On Wednesday, which was the seventeenth of February, the Doctor, a little before
supper, began to suffer from his customary illness, namely, an oppression of the
humors at the orifice of the stomach (with which I remember that he too suffered here a few times); this illness
recurred after supper, and while he was struggling with it, he requested to withdraw into the next chamber:
and there he lay for nearly two hours, until the pains increased. And since Doctor Jonas was sleeping in the same chamber as well, the Lord Doctor Martin
called and roused him, and ordered him to get up and to see to it that Ambrosius, the Pedagogue of the children,
should warm the room, into which, when he had entered, soon (sic) there came the illustrious Count Albert of Mansfeld,
together with his spouse, and many others, whose names in these letters, on account of haste, are not set forth.
Mein Himlischer Vater / ewiger Barmhertziger Gott / Du hast mir deinen lieben Sohn / unsern HERREN Ihesum Christum offenbaret / den hab ich gelert / den hab ich bekandt / den liebe ich / und den ehre ich fYr meinen lieben Heylandt / und Erlsser / Welchen die Gottlosen verfolgen / schenden und schelten. / Nim meine Seele zu dir. / Inn dem redet er inn die drey mal.
My Heavenly Father / eternal Merciful God / You have revealed to me your dear Son / our LORD Jesus Christ / him I have taught / him I have confessed / him I love / and him I honor for my dear Savior and Redeemer / whom the godless persecute / defile and revile. / Take my soul to You. / In this he spoke it three times.
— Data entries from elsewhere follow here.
(* Let $n\ge3$, let $H$ be a non-trivial finitely generated abelian group, let $G$ be a non-trivial group with a surjective homomorphism $\sigma\colon G\to S_n$, and let $W=H\wr_\sigma G=H^n\rtimes_\sigma G$. Assume that every abelian normal subgroup of $W$ is contained in $H^n$. Then $H^n$ is a characteristic subgroup of $W$.
   Context: $H\wr_\sigma G=H^n\rtimes_\sigma G$ is the semidirect product in which $G$ acts on $H^n$ by permuting coordinates through $\sigma$: $g\cdot(h_1,\dots,h_n)=(h_{\sigma(g)(1)},\dots,h_{\sigma(g)(n)})$ (with the composition convention in $S_n$ making this a left action); elements are pairs $(\mathbf h,g)$ with $(\mathbf h,g)(\mathbf k,x)=(\mathbf h\cdot g\mathbf k,gx)$, and $H^n$ is identified with $\{(\mathbf h,1)\}$. *)

theory Defs
  imports "HOL-Algebra.Algebra"
begin

text \<open>Symmetric group on {1..n} with the composition convention (p q)(i) = q (p i),
  i.e. "first p, then q".  With this convention the coordinate permutation
  g.(h_1,...,h_n) = (h_{sigma(g)(1)},...,h_{sigma(g)(n)}) is a left action.\<close>
definition sym_group_rc :: "nat \<Rightarrow> (nat \<Rightarrow> nat) monoid" where
  "sym_group_rc n = \<lparr> carrier = { p. p permutes {1..n} }, monoid.mult = (\<lambda>p q. q \<circ> p), one = id \<rparr>"

definition wreath_prod ::
  "('h, 'a) monoid_scheme \<Rightarrow> ('g, 'b) monoid_scheme \<Rightarrow> nat \<Rightarrow> ('g \<Rightarrow> nat \<Rightarrow> nat)
     \<Rightarrow> ((nat \<Rightarrow> 'h) \<times> 'g) monoid" where
  "wreath_prod H G n \<sigma> = \<lparr>
     carrier = ({1..n} \<rightarrow>\<^sub>E carrier H) \<times> carrier G,
     monoid.mult = (\<lambda>(h, g) (k, x). ((\<lambda>i\<in>{1..n}. h i \<otimes>\<^bsub>H\<^esub> k (\<sigma> g i)), g \<otimes>\<^bsub>G\<^esub> x)),
     one = ((\<lambda>i\<in>{1..n}. \<one>\<^bsub>H\<^esub>), \<one>\<^bsub>G\<^esub>) \<rparr>"

definition wreath_base ::
  "('h, 'a) monoid_scheme \<Rightarrow> ('g, 'b) monoid_scheme \<Rightarrow> nat \<Rightarrow> ((nat \<Rightarrow> 'h) \<times> 'g) set" where
  "wreath_base H G n = ({1..n} \<rightarrow>\<^sub>E carrier H) \<times> {\<one>\<^bsub>G\<^esub>}"

definition characteristic :: "'a set \<Rightarrow> ('a, 'b) monoid_scheme \<Rightarrow> bool" where
  "characteristic K W \<longleftrightarrow> subgroup K W \<and> (\<forall>\<phi> \<in> iso W W. \<phi> ` K = K)"

definition finitely_generated :: "('a, 'b) monoid_scheme \<Rightarrow> bool" where
  "finitely_generated H \<longleftrightarrow> (\<exists>S. finite S \<and> S \<subseteq> carrier H \<and> generate H S = carrier H)"

end

theory Submission
  imports Defs
begin

text \<open>The base \<open>H\<^sup>n\<close> is the kernel of the projection \<open>W \<rightarrow> G\<close>, hence normal, and it is
  abelian because \<open>H\<close> is. An automorphism of \<open>W\<close> maps abelian normal subgroups to abelian
  normal subgroups, so by hypothesis it maps \<open>H\<^sup>n\<close> into \<open>H\<^sup>n\<close>; applied to the inverse
  automorphism this gives equality.\<close>

lemma group_sym_group_rc: "group (sym_group_rc n)"
proof (rule groupI)
  fix p assume "p \<in> carrier (sym_group_rc n)"
  then have p: "p permutes {1..n}" by (simp add: sym_group_rc_def)
  have "inv_into UNIV p permutes {1..n}" and "p \<circ> inv_into UNIV p = id"
    using permutes_inv[OF p] permutes_inv_o(1)[OF p] by auto
  then show "\<exists>q\<in>carrier (sym_group_rc n). q \<otimes>\<^bsub>sym_group_rc n\<^esub> p = \<one>\<^bsub>sym_group_rc n\<^esub>"
    by (auto simp: sym_group_rc_def)
qed (auto simp: sym_group_rc_def permutes_compose permutes_id o_assoc)

lemma hom_sym_group_rc:
  assumes G: "group G" and \<sigma>: "\<sigma> \<in> hom G (sym_group_rc n)"
  shows hom_sym_group_rc_permutes: "g \<in> carrier G \<Longrightarrow> \<sigma> g permutes {1..n}"
    and hom_sym_group_rc_mult: "\<lbrakk>x \<in> carrier G; y \<in> carrier G\<rbrakk> \<Longrightarrow> \<sigma> (x \<otimes>\<^bsub>G\<^esub> y) = \<sigma> y \<circ> \<sigma> x"
    and hom_sym_group_rc_one: "\<sigma> \<one>\<^bsub>G\<^esub> = id"
proof -
  show "g \<in> carrier G \<Longrightarrow> \<sigma> g permutes {1..n}"
    using \<sigma> by (auto simp: hom_def sym_group_rc_def)
  show "\<lbrakk>x \<in> carrier G; y \<in> carrier G\<rbrakk> \<Longrightarrow> \<sigma> (x \<otimes>\<^bsub>G\<^esub> y) = \<sigma> y \<circ> \<sigma> x"
    using \<sigma> by (auto simp: hom_def sym_group_rc_def)
  have "group_hom G (sym_group_rc n) \<sigma>"
    using G \<sigma> group_sym_group_rc by (simp add: group_hom_def group_hom_axioms_def)
  then show "\<sigma> \<one>\<^bsub>G\<^esub> = id"
    using group_hom.hom_one by (fastforce simp: sym_group_rc_def)
qed

lemma group_wreath_prod:
  assumes H: "group H" and G: "group G" and \<sigma>: "\<sigma> \<in> hom G (sym_group_rc n)"
  shows "group (wreath_prod H G n \<sigma>)"
proof -
  interpret H: group H by fact
  interpret G: group G by fact
  note mult = hom_sym_group_rc_mult[OF G \<sigma>] and one = hom_sym_group_rc_one[OF G \<sigma>]
  have in_range: "Suc 0 \<le> \<sigma> g i" "\<sigma> g i \<le> n" if "g \<in> carrier G" "Suc 0 \<le> i" "i \<le> n" for g i
    using permutes_in_image[OF hom_sym_group_rc_permutes[OF G \<sigma> that(1)], of i] that by auto
  show ?thesis
  proof (rule groupI)
    fix x assume x: "x \<in> carrier (wreath_prod H G n \<sigma>)"
    then obtain k g where kg: "x = (k, g)" "k \<in> {1..n} \<rightarrow>\<^sub>E carrier H" "g \<in> carrier G"
      by (auto simp: wreath_prod_def)
    define y where "y = ((\<lambda>i\<in>{1..n}. inv\<^bsub>H\<^esub> k (\<sigma> (inv\<^bsub>G\<^esub> g) i)), inv\<^bsub>G\<^esub> g)"
    have "y \<in> carrier (wreath_prod H G n \<sigma>)"
      using kg by (auto simp: y_def wreath_prod_def PiE_def Pi_def in_range)
    moreover have "y \<otimes>\<^bsub>wreath_prod H G n \<sigma>\<^esub> x = \<one>\<^bsub>wreath_prod H G n \<sigma>\<^esub>"
      using kg by (auto simp: y_def wreath_prod_def PiE_def Pi_def in_range mult one intro!: ext)
    ultimately show "\<exists>y\<in>carrier (wreath_prod H G n \<sigma>).
        y \<otimes>\<^bsub>wreath_prod H G n \<sigma>\<^esub> x = \<one>\<^bsub>wreath_prod H G n \<sigma>\<^esub>"
      by blast
  qed (auto simp: wreath_prod_def PiE_def Pi_def extensional_def in_range mult one
         G.m_assoc H.m_assoc intro!: ext)
qed

lemma wreath_base_normal:
  assumes H: "group H" and G: "group G" and \<sigma>: "\<sigma> \<in> hom G (sym_group_rc n)"
  shows "wreath_base H G n \<lhd> wreath_prod H G n \<sigma>"
proof -
  have "group_hom (wreath_prod H G n \<sigma>) G snd"
    using group_wreath_prod[OF assms] G
    by (auto simp: group_hom_def group_hom_axioms_def hom_def wreath_prod_def)
  moreover have "kernel (wreath_prod H G n \<sigma>) G snd = wreath_base H G n"
    using group.is_monoid[OF G] by (auto simp: kernel_def wreath_prod_def wreath_base_def)
  ultimately show ?thesis
    using group_hom.normal_kernel by fastforce
qed

lemma comm_group_wreath_base:
  assumes H: "comm_group H" and G: "group G" and \<sigma>: "\<sigma> \<in> hom G (sym_group_rc n)"
  shows "comm_group ((wreath_prod H G n \<sigma>)\<lparr>carrier := wreath_base H G n\<rparr>)"
proof -
  interpret H: comm_group H by fact
  have "subgroup (wreath_base H G n) (wreath_prod H G n \<sigma>)"
    using wreath_base_normal[OF H.group_axioms G \<sigma>] normal_imp_subgroup by blast
  then have "group ((wreath_prod H G n \<sigma>)\<lparr>carrier := wreath_base H G n\<rparr>)"
    using group.subgroup_imp_group[OF group_wreath_prod[OF H.group_axioms G \<sigma>]] by blast
  then show ?thesis
    by (rule group.group_comm_groupI)
      (auto simp: wreath_base_def wreath_prod_def hom_sym_group_rc_one[OF G \<sigma>] H.m_comm
         PiE_def Pi_def intro!: ext)
qed

lemma iso_image_abelian_normal:
  assumes W: "group W" and N: "N \<lhd> W" and N_comm: "comm_group (W\<lparr>carrier := N\<rparr>)"
    and \<phi>: "\<phi> \<in> iso W W"
  shows "\<phi> ` N \<lhd> W" and "comm_group (W\<lparr>carrier := \<phi> ` N\<rparr>)"
proof -
  show \<phi>N: "\<phi> ` N \<lhd> W"
    using iso_normal_subgroup[OF \<phi> W W N] .
  have N_sub: "N \<subseteq> carrier W"
    using N normal_imp_subgroup subgroup.subset by blast
  have \<phi>_mult: "\<phi> (a \<otimes>\<^bsub>W\<^esub> b) = \<phi> a \<otimes>\<^bsub>W\<^esub> \<phi> b" if "a \<in> N" "b \<in> N" for a b
    using \<phi> N_sub that by (auto simp: iso_def hom_def)
  have "group (W\<lparr>carrier := \<phi> ` N\<rparr>)"
    using group.subgroup_imp_group[OF W normal_imp_subgroup[OF \<phi>N]] .
  then show "comm_group (W\<lparr>carrier := \<phi> ` N\<rparr>)"
  proof (rule group.group_comm_groupI)
    fix x y assume "x \<in> carrier (W\<lparr>carrier := \<phi> ` N\<rparr>)" "y \<in> carrier (W\<lparr>carrier := \<phi> ` N\<rparr>)"
    then obtain a b where ab: "a \<in> N" "b \<in> N" "x = \<phi> a" "y = \<phi> b" by auto
    have "\<phi> a \<otimes>\<^bsub>W\<^esub> \<phi> b = \<phi> (a \<otimes>\<^bsub>W\<^esub> b)"
      using \<phi>_mult ab by simp
    also have "\<dots> = \<phi> (b \<otimes>\<^bsub>W\<^esub> a)"
      using comm_monoid.m_comm[OF comm_group.axioms(1)[OF N_comm]] ab by fastforce
    also have "\<dots> = \<phi> b \<otimes>\<^bsub>W\<^esub> \<phi> a"
      using \<phi>_mult ab by simp
    finally show "x \<otimes>\<^bsub>W\<lparr>carrier := \<phi> ` N\<rparr>\<^esub> y = y \<otimes>\<^bsub>W\<lparr>carrier := \<phi> ` N\<rparr>\<^esub> x"
      using ab by simp
  qed
qed

lemma characteristicI:
  assumes W: "group W" and K: "subgroup K W"
    and into: "\<And>\<phi>. \<phi> \<in> iso W W \<Longrightarrow> \<phi> ` K \<subseteq> K"
  shows "characteristic K W"
proof -
  have "K \<subseteq> \<phi> ` K" if \<phi>: "\<phi> \<in> iso W W" for \<phi>
  proof
    fix k assume k: "k \<in> K"
    let ?\<psi> = "inv_into (carrier W) \<phi>"
    have "?\<psi> k \<in> K"
      using into[OF group.iso_set_sym[OF W \<phi>]] k by blast
    moreover have "\<phi> (?\<psi> k) = k"
      using \<phi> k subgroup.subset[OF K] by (auto simp: iso_def bij_betw_def intro!: f_inv_into_f)
    ultimately show "k \<in> \<phi> ` K"
      by (metis image_eqI)
  qed
  then show ?thesis
    using K into by (simp add: characteristic_def subset_antisym)
qed

lemma characteristic_if_contains_abelian_normal:
  assumes W: "group W" and N: "N \<lhd> W" and N_comm: "comm_group (W\<lparr>carrier := N\<rparr>)"
    and contains: "\<And>A. A \<lhd> W \<Longrightarrow> comm_group (W\<lparr>carrier := A\<rparr>) \<Longrightarrow> A \<subseteq> N"
  shows "characteristic N W"
  using characteristicI[OF W normal_imp_subgroup[OF N]]
    contains iso_image_abelian_normal[OF W N N_comm] by blast

theorem theorem3p10:
  fixes H :: "('h, 'a) monoid_scheme" and G :: "('g, 'b) monoid_scheme"
    and n :: nat and \<sigma> :: "'g \<Rightarrow> nat \<Rightarrow> nat"
  assumes n3: "n \<ge> 3"
    and H_ab: "comm_group H" and H_fg: "finitely_generated H"
    and H_nontriv: "carrier H \<noteq> {\<one>\<^bsub>H\<^esub>}"
    and G_grp: "group G" and G_nontriv: "carrier G \<noteq> {\<one>\<^bsub>G\<^esub>}"
    and \<sigma>_hom: "\<sigma> \<in> hom G (sym_group_rc n)"
    and \<sigma>_surj: "\<sigma> ` carrier G = carrier (sym_group_rc n)"
    and ab_normal: "\<And>A. A \<lhd> wreath_prod H G n \<sigma> \<Longrightarrow>
                         comm_group ((wreath_prod H G n \<sigma>)\<lparr>carrier := A\<rparr>) \<Longrightarrow>
                         A \<subseteq> wreath_base H G n"
  shows "characteristic (wreath_base H G n) (wreath_prod H G n \<sigma>)"
proof -
  have H: "group H"
    using H_ab comm_group.axioms(2) by blast
  show ?thesis
  proof (rule characteristic_if_contains_abelian_normal)
    show "group (wreath_prod H G n \<sigma>)"
      using group_wreath_prod[OF H G_grp \<sigma>_hom] .
    show "wreath_base H G n \<lhd> wreath_prod H G n \<sigma>"
      using wreath_base_normal[OF H G_grp \<sigma>_hom] .
    show "comm_group ((wreath_prod H G n \<sigma>)\<lparr>carrier := wreath_base H G n\<rparr>)"
      using comm_group_wreath_base[OF H_ab G_grp \<sigma>_hom] .
  qed (rule ab_normal)
qed

end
Ach!, Obiit Auriga & currus Israel, qui rexit Ecclesiam in hac ultima senecta mundi: Neque enim humana sagacitate depraehensa est doctrina de Remissione peccatorum, & de fiducia Filli Dei, Se a Deo per hunc virum patefacta, Quem etiam a Deo excitatum vidimus fuisse.
Alas!, the charioteer & chariot of Israel has died, who steered the Church in this last old age of the world: For the doctrine of the Remission of sins, & of the confidence of the Son of God, was not apprehended by human sagacity, but was revealed by God through this man, whom we have also seen to have been raised up by God.